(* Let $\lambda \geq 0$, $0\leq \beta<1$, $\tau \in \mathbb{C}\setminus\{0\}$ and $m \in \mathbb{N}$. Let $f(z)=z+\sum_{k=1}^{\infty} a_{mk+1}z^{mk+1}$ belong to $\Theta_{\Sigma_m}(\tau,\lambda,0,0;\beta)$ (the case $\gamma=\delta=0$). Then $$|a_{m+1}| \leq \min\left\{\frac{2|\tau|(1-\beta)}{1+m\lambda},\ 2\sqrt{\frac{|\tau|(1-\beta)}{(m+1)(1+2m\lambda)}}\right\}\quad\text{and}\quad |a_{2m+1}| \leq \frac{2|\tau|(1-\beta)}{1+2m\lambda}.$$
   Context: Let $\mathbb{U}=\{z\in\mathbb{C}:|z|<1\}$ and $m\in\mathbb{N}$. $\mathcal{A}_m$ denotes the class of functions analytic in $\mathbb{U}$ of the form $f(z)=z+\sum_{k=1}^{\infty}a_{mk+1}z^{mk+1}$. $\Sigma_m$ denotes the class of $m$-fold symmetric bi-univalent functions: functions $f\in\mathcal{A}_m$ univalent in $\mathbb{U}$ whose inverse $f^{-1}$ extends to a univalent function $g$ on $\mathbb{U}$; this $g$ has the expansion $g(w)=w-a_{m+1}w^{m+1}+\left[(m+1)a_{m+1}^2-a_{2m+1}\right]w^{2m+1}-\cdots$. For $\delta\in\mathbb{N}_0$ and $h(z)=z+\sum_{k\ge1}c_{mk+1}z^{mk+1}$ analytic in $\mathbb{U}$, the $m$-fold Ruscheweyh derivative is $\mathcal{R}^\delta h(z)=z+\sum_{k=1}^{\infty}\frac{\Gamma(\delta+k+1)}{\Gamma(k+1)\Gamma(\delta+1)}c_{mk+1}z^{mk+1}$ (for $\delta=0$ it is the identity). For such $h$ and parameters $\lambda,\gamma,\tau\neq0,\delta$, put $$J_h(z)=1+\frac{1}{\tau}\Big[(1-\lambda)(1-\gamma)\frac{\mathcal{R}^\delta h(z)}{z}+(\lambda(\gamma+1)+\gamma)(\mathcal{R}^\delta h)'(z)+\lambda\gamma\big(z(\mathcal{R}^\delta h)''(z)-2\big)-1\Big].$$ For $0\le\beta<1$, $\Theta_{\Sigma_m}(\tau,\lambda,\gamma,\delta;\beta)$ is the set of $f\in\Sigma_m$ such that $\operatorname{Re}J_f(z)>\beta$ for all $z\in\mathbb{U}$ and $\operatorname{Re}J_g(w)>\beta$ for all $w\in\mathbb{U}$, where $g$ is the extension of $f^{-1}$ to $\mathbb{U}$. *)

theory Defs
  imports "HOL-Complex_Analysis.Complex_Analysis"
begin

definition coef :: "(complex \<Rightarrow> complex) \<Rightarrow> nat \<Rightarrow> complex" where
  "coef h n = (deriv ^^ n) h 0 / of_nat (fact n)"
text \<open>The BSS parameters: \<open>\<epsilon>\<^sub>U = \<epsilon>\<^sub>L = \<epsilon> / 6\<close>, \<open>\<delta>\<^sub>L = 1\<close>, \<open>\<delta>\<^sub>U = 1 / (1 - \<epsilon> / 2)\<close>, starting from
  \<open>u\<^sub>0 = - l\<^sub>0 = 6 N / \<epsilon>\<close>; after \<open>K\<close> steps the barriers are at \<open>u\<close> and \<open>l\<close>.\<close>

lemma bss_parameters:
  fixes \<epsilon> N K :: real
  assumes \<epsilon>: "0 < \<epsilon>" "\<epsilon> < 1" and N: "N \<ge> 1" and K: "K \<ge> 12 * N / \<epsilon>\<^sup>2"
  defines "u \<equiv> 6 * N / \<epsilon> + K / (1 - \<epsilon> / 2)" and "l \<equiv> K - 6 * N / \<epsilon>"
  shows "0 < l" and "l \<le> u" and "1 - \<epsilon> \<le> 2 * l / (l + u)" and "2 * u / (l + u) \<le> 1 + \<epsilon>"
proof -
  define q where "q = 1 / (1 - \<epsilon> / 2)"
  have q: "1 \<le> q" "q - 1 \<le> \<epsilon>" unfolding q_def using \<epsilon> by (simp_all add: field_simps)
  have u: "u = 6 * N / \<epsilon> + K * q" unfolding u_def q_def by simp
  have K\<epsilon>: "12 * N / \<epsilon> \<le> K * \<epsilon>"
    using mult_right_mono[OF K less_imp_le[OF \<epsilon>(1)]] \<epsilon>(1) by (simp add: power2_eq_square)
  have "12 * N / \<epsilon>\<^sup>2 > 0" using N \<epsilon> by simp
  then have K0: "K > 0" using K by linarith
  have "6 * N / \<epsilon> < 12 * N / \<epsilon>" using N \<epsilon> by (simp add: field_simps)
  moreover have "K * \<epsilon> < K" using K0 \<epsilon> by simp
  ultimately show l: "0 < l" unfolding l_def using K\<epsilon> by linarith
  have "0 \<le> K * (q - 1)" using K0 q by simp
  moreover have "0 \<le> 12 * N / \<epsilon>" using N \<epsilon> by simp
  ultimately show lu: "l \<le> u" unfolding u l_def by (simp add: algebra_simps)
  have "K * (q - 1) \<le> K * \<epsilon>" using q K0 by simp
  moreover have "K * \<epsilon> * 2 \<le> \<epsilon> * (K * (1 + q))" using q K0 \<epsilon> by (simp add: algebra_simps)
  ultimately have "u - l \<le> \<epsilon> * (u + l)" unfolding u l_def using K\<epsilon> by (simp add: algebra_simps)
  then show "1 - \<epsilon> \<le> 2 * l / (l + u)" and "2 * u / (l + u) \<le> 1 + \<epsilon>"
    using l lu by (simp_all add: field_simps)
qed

--

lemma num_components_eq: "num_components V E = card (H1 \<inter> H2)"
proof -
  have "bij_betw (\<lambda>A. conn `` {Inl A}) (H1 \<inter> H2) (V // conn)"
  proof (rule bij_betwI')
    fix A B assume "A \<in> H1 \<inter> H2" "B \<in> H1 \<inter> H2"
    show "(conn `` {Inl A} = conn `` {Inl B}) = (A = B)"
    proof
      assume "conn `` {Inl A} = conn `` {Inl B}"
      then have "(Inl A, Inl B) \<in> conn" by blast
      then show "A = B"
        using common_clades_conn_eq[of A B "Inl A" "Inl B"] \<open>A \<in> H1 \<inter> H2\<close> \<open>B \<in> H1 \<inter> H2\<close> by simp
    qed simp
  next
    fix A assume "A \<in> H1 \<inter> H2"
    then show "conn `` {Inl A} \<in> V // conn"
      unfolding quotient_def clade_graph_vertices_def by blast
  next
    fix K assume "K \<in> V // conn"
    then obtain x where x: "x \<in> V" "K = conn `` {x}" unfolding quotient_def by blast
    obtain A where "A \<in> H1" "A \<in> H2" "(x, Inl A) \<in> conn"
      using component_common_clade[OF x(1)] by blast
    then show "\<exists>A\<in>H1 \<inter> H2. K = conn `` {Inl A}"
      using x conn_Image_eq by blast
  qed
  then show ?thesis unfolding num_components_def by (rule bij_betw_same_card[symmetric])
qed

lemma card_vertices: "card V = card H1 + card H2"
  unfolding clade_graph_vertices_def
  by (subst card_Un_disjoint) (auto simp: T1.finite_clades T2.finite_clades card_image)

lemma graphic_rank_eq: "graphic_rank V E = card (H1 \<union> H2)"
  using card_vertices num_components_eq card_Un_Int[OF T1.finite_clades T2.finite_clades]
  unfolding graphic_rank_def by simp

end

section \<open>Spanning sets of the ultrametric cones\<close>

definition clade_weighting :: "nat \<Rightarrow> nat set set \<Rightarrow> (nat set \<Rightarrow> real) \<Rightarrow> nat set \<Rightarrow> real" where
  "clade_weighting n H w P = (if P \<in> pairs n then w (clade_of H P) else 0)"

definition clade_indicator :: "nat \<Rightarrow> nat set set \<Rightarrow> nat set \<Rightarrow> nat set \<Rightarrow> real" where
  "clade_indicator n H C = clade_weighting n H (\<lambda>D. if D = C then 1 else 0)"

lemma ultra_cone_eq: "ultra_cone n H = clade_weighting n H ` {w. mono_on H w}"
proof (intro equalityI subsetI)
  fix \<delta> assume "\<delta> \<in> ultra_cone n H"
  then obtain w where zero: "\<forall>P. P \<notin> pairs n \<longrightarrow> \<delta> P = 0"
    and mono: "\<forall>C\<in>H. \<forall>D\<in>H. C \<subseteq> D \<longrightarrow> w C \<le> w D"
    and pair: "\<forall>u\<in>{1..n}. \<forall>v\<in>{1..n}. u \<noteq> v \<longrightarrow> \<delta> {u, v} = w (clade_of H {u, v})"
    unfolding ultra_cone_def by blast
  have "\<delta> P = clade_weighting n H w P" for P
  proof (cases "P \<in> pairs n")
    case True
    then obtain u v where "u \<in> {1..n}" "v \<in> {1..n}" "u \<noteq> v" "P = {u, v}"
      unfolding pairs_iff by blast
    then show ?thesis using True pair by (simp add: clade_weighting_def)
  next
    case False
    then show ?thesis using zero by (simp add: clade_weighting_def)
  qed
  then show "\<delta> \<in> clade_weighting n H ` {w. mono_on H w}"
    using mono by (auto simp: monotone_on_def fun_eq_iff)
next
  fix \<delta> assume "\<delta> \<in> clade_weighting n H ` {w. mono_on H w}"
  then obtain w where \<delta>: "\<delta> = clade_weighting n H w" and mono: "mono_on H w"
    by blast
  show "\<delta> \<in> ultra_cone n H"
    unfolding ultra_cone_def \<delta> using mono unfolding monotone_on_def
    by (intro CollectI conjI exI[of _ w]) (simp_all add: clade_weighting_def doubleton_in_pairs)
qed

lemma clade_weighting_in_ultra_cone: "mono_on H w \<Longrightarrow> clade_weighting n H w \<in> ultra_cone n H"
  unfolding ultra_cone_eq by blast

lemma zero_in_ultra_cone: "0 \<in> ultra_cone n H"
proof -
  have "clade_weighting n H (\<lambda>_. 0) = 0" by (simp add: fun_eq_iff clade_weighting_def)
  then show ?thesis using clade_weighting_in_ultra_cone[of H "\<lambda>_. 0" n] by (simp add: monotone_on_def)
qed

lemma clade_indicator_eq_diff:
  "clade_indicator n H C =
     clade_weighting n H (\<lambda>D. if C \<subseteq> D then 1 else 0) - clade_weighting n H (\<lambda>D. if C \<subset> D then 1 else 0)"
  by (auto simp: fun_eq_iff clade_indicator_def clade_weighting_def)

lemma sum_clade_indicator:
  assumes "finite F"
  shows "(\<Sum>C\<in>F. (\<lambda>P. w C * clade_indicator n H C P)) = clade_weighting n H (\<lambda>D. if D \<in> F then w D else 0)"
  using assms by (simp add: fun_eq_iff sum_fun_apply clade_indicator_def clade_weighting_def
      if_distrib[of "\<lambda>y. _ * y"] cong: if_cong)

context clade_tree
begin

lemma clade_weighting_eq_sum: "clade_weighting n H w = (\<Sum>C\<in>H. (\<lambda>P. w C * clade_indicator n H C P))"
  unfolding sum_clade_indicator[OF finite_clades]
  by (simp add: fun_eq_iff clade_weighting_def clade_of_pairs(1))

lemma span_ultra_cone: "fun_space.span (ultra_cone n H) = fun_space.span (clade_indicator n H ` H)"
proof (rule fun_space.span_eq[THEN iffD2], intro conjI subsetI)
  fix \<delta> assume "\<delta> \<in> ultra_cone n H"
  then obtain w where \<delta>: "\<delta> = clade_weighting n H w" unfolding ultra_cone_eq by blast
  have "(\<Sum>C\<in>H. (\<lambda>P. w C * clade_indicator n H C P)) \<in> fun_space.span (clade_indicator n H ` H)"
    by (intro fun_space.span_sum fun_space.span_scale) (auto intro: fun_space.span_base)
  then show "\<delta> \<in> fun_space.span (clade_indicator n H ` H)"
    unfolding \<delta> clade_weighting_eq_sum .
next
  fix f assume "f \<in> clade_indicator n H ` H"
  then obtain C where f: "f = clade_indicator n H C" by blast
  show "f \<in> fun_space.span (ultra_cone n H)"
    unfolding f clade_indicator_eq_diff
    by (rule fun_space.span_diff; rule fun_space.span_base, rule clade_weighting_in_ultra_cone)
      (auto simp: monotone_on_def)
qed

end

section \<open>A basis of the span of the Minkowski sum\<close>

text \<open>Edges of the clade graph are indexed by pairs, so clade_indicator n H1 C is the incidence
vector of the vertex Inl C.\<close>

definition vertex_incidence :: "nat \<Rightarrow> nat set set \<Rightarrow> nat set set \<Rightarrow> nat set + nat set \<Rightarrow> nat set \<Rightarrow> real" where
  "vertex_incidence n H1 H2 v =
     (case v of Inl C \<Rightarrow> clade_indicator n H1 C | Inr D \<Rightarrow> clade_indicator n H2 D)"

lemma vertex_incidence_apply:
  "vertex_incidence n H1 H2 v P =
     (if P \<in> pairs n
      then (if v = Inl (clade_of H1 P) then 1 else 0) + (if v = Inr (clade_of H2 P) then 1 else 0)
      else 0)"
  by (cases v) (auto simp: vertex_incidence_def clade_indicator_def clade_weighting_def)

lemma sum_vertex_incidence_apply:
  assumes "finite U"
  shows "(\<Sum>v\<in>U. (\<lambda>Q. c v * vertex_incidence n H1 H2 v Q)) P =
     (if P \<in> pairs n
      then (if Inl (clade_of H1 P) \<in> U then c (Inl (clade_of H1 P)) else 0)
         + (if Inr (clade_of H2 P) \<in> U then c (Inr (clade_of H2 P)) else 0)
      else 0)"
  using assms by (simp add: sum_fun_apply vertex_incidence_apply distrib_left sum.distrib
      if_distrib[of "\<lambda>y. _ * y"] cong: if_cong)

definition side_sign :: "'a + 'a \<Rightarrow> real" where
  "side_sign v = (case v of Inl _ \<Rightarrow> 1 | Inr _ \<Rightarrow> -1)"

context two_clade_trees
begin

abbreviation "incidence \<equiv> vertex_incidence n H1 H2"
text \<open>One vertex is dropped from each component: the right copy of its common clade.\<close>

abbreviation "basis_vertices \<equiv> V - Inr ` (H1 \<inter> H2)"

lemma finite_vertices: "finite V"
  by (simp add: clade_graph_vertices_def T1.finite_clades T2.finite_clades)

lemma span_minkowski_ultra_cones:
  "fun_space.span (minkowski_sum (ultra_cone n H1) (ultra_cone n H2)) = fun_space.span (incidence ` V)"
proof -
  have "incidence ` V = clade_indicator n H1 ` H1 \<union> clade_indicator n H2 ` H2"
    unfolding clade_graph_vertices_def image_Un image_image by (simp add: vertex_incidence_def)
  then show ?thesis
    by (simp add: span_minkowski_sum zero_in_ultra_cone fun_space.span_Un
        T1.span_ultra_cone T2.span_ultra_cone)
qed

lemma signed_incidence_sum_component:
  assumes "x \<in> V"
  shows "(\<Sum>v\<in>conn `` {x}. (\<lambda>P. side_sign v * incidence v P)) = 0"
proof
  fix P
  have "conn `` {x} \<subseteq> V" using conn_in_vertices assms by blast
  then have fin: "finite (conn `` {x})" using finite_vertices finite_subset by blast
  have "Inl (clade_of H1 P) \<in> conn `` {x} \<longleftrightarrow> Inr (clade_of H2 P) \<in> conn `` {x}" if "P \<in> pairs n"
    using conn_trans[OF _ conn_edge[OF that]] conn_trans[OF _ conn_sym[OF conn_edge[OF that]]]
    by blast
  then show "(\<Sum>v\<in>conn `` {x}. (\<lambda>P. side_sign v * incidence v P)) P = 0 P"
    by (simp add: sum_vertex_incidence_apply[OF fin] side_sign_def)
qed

## PROBLEM DESCRIPTION:
Return every line of the listing above that contains "section".

## RESPONSE TO THIS TASK:
section \<open>Spanning sets of the ultrametric cones\<close>
section \<open>A basis of the span of the Minkowski sum\<close>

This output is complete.